● **Data records**
···

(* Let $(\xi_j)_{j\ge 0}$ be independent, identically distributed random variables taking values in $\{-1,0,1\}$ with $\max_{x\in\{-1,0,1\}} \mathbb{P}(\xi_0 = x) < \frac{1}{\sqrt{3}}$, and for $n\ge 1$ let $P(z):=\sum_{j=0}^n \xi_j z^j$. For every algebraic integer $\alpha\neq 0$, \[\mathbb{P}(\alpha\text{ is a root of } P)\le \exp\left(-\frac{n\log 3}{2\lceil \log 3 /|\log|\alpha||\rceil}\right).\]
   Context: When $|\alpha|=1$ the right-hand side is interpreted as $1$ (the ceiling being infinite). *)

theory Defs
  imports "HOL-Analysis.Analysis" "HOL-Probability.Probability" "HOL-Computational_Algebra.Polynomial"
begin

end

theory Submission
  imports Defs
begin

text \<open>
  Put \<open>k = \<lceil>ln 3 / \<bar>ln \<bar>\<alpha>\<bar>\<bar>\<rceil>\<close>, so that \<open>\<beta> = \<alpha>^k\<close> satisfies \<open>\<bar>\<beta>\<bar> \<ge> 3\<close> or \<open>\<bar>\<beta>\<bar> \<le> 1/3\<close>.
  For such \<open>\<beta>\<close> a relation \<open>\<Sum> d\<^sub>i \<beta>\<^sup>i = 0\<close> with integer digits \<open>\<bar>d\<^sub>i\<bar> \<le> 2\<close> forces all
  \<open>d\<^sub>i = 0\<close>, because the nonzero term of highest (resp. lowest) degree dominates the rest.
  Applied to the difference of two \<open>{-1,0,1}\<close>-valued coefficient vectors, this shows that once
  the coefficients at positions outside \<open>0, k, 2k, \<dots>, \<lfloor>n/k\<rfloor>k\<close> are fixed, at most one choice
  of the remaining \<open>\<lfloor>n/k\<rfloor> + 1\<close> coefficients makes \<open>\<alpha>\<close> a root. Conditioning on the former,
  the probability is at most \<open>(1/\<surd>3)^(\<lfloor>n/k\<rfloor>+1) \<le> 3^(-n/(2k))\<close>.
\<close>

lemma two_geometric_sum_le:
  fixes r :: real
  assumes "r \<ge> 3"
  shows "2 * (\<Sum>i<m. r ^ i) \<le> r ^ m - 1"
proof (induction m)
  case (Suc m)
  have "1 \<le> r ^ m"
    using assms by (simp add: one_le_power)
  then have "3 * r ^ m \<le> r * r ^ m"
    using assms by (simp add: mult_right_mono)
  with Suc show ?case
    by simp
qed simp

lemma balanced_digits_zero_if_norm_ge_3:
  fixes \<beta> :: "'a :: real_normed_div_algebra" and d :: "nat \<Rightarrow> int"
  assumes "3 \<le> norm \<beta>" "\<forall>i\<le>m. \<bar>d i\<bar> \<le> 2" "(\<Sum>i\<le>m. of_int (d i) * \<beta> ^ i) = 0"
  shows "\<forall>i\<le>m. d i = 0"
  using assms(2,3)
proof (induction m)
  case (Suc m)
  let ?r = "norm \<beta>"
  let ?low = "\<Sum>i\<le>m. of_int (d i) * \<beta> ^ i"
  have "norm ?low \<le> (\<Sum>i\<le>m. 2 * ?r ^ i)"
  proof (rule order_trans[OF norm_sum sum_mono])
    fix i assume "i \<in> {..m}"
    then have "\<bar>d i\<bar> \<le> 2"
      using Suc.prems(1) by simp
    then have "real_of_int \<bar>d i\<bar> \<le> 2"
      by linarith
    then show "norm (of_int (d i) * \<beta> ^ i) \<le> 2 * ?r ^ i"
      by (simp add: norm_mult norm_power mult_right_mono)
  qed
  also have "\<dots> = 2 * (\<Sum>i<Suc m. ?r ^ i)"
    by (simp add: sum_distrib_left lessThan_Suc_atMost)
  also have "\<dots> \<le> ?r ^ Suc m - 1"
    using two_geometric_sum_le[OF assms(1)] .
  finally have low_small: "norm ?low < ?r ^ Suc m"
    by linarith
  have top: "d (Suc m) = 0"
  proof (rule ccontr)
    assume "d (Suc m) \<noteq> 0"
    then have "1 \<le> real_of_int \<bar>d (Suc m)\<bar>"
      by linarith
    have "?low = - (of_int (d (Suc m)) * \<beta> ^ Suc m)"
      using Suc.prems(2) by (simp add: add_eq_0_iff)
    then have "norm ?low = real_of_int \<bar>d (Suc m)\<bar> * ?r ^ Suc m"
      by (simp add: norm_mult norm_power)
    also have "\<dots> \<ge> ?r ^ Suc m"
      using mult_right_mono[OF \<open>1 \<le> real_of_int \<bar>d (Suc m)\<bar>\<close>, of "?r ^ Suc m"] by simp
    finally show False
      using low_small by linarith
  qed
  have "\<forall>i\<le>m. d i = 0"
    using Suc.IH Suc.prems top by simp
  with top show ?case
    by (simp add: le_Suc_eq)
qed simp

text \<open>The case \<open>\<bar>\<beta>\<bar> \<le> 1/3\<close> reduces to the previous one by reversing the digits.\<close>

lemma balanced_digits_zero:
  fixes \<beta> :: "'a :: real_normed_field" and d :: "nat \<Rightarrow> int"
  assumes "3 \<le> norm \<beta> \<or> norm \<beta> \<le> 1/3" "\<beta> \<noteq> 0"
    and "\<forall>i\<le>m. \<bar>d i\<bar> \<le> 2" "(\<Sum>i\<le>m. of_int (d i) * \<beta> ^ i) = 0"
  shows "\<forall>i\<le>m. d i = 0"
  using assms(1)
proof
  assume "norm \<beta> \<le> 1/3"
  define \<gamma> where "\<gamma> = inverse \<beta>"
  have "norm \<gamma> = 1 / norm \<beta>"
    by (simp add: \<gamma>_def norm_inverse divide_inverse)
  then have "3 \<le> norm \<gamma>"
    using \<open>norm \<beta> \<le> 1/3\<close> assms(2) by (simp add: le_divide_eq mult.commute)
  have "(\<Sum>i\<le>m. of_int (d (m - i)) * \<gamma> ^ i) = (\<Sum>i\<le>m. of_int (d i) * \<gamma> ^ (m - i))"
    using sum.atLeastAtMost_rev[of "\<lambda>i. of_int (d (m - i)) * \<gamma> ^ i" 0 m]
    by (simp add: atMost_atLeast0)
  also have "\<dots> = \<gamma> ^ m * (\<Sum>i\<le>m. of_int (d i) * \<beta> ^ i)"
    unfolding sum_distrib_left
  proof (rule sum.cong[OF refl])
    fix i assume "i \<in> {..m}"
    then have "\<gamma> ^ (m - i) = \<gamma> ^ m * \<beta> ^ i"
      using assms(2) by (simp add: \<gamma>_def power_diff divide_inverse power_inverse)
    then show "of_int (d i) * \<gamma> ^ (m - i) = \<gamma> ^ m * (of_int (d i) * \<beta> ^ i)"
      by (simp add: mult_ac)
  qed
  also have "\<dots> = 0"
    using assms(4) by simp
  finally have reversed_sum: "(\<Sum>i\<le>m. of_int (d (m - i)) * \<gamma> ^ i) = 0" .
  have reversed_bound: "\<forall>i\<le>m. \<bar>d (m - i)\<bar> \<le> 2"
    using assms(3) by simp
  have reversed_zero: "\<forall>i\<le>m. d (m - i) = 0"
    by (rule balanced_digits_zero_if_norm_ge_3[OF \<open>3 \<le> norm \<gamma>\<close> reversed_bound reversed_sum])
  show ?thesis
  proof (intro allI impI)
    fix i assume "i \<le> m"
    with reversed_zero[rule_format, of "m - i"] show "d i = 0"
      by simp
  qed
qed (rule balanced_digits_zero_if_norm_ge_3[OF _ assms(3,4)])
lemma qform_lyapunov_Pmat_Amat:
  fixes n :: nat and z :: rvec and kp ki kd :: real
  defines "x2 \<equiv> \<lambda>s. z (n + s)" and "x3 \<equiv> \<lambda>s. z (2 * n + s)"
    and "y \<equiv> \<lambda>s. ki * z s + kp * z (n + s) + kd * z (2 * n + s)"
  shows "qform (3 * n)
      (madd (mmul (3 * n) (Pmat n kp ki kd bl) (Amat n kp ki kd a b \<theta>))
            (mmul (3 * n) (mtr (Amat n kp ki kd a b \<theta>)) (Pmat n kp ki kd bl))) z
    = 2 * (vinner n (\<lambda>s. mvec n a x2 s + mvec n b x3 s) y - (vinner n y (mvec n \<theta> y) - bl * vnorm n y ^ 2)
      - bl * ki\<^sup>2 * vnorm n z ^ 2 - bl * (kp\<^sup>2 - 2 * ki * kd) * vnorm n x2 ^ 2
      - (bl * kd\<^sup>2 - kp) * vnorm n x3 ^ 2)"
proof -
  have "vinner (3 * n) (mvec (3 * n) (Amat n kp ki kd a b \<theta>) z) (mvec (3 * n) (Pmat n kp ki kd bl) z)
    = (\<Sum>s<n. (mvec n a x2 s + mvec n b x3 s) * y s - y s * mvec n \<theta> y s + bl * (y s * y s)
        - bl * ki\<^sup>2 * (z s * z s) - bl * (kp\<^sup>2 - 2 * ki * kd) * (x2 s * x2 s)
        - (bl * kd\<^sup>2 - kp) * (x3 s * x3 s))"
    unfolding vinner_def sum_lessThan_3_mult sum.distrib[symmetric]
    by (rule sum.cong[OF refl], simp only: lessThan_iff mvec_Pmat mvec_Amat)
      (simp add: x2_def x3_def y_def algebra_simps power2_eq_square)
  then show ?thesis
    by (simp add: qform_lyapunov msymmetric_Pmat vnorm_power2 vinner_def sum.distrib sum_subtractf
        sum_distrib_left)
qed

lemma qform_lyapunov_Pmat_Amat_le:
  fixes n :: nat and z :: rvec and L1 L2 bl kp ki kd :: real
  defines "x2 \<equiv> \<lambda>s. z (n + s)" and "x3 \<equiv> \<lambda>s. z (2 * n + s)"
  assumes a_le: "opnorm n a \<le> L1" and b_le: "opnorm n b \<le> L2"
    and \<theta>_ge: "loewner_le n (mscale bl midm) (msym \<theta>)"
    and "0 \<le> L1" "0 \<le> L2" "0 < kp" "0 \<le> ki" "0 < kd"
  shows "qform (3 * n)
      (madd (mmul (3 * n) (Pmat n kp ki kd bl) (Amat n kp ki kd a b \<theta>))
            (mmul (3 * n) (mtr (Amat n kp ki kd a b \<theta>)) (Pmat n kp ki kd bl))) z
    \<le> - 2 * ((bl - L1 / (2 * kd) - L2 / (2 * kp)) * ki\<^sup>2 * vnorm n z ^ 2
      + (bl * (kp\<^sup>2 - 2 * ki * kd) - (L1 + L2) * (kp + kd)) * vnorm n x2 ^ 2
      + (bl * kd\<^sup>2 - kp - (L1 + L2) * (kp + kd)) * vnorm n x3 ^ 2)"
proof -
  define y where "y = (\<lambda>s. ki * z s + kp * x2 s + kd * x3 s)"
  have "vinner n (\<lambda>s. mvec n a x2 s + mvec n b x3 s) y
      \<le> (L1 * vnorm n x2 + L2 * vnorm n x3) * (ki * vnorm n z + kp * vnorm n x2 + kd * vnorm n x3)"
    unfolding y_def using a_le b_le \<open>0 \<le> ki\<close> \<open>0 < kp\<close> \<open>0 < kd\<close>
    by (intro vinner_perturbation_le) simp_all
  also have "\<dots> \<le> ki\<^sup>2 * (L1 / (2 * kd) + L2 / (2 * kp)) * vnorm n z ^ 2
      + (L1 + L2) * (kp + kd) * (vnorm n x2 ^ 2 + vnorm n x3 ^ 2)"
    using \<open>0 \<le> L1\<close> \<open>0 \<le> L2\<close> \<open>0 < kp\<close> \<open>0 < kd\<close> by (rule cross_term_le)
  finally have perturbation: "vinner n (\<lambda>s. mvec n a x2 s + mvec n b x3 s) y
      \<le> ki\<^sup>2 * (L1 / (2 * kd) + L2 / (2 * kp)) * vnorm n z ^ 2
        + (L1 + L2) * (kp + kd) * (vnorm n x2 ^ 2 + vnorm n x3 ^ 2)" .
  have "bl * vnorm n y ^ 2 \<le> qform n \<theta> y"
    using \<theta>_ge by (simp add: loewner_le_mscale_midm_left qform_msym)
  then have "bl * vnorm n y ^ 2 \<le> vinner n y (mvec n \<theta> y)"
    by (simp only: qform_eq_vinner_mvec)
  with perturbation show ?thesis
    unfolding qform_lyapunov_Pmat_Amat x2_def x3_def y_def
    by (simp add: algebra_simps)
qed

···

● **Required work**
From the records above, reproduce exactly the lines from the one with "i) \<le> 2 * ?r" to the one with "proof (rule ccontr)", both included, and no others.

● **Solution to the exercise**
    then show "norm (of_int (d i) * \<beta> ^ i) \<le> 2 * ?r ^ i"
      by (simp add: norm_mult norm_power mult_right_mono)
  qed
  also have "\<dots> = 2 * (\<Sum>i<Suc m. ?r ^ i)"
    by (simp add: sum_distrib_left lessThan_Suc_atMost)
  also have "\<dots> \<le> ?r ^ Suc m - 1"
    using two_geometric_sum_le[OF assms(1)] .
  finally have low_small: "norm ?low < ?r ^ Suc m"
    by linarith
  have top: "d (Suc m) = 0"
  proof (rule ccontr)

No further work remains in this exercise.